Task item:
Return each line of the entries that holds the string "inverse".

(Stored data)
theorem proposition1p4p27:
  fixes a :: "'k :: {alg_closed_field, field_char_0}" and d r :: nat
  assumes "d \<ge> 2" and "d < r" and "r < 2 * d"
  shows "(\<forall>lam. lam ^ d = 1 \<longrightarrow>
            p_lam a d r lam = [:lam:] - smult (a / of_nat d * lam) (monom 1 d))
    \<and> (\<forall>lam x c. lam ^ d = 1 \<and> lam \<noteq> 1 \<longrightarrow>
            sigma_fn a d x c = 1 / (1 - lam) *
              (poly (p_lam a d r 1) (lam * x) - poly (p_lam a d r lam) (lam * x)) * c)
    \<and> (\<forall>lam x c. lam ^ d = 1 \<and> x \<noteq> 0 \<longrightarrow>
            inverse (lam ^ (r - 1)) * x ^ r *
              sigma_fn a d (inverse lam * x) (lam ^ (r - 1) * (c + (1 - lam) / x ^ r))
            = x ^ r * sigma_fn a d x c + poly (p_lam a d r 1) x - poly (p_lam a d r lam) x)
    \<and> (\<forall>lam x c. lam ^ d = 1 \<and> x \<noteq> 0 \<longrightarrow>
            inverse (lam ^ (r - 1)) * x ^ r *
              tau_fn a d r (inverse lam * x)
                (lam ^ (r - 1) * (c + (poly (p_lam a d r 1) x - poly (p_lam a d r lam) x) / x ^ r))
            = x ^ r * tau_fn a d r x c + 1 - lam)
    \<and> iso_affine4 (Xt_A1 a d r) (Vt_A1 d r :: ('k \<times> 'k \<times> 'k \<times> 'k) set)"
proof -
  have "0 < d"
    using assms(1) by simp
  have p_lam: "p_lam a d r lam = smult lam (root_trunc a d)" if "lam ^ d = 1" for lam
    using p_lam_eq_smult_root_trunc[OF \<open>0 < d\<close> assms(2) _ that] assms(3) by simp
  have p_lam_1: "p_lam a d r 1 = root_trunc a d"
    using p_lam[of 1] by simp
  show ?thesis
    apply (intro conjI allI impI; (elim conjE)?)
    subgoal for lam
      by (simp add: p_lam root_trunc_def smult_diff_right mult.commute)
    subgoal
      using sigma_fn_eq_root_difference by (simp only: p_lam p_lam_1 poly_smult)
    subgoal
      using sigma_fn_cocycle[OF _ \<open>0 < d\<close>] by (simp only: p_lam p_lam_1 poly_smult)
    subgoal
      using tau_fn_cocycle[OF _ assms(2,3)] by (simp only: p_lam p_lam_1 poly_smult)
    using iso_affine4_Xt_A1_Vt_A1[OF \<open>0 < d\<close> assms(3)] .
qed

end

Response for this exercise:
            inverse (lam ^ (r - 1)) * x ^ r *
              sigma_fn a d (inverse lam * x) (lam ^ (r - 1) * (c + (1 - lam) / x ^ r))
            inverse (lam ^ (r - 1)) * x ^ r *
              tau_fn a d r (inverse lam * x)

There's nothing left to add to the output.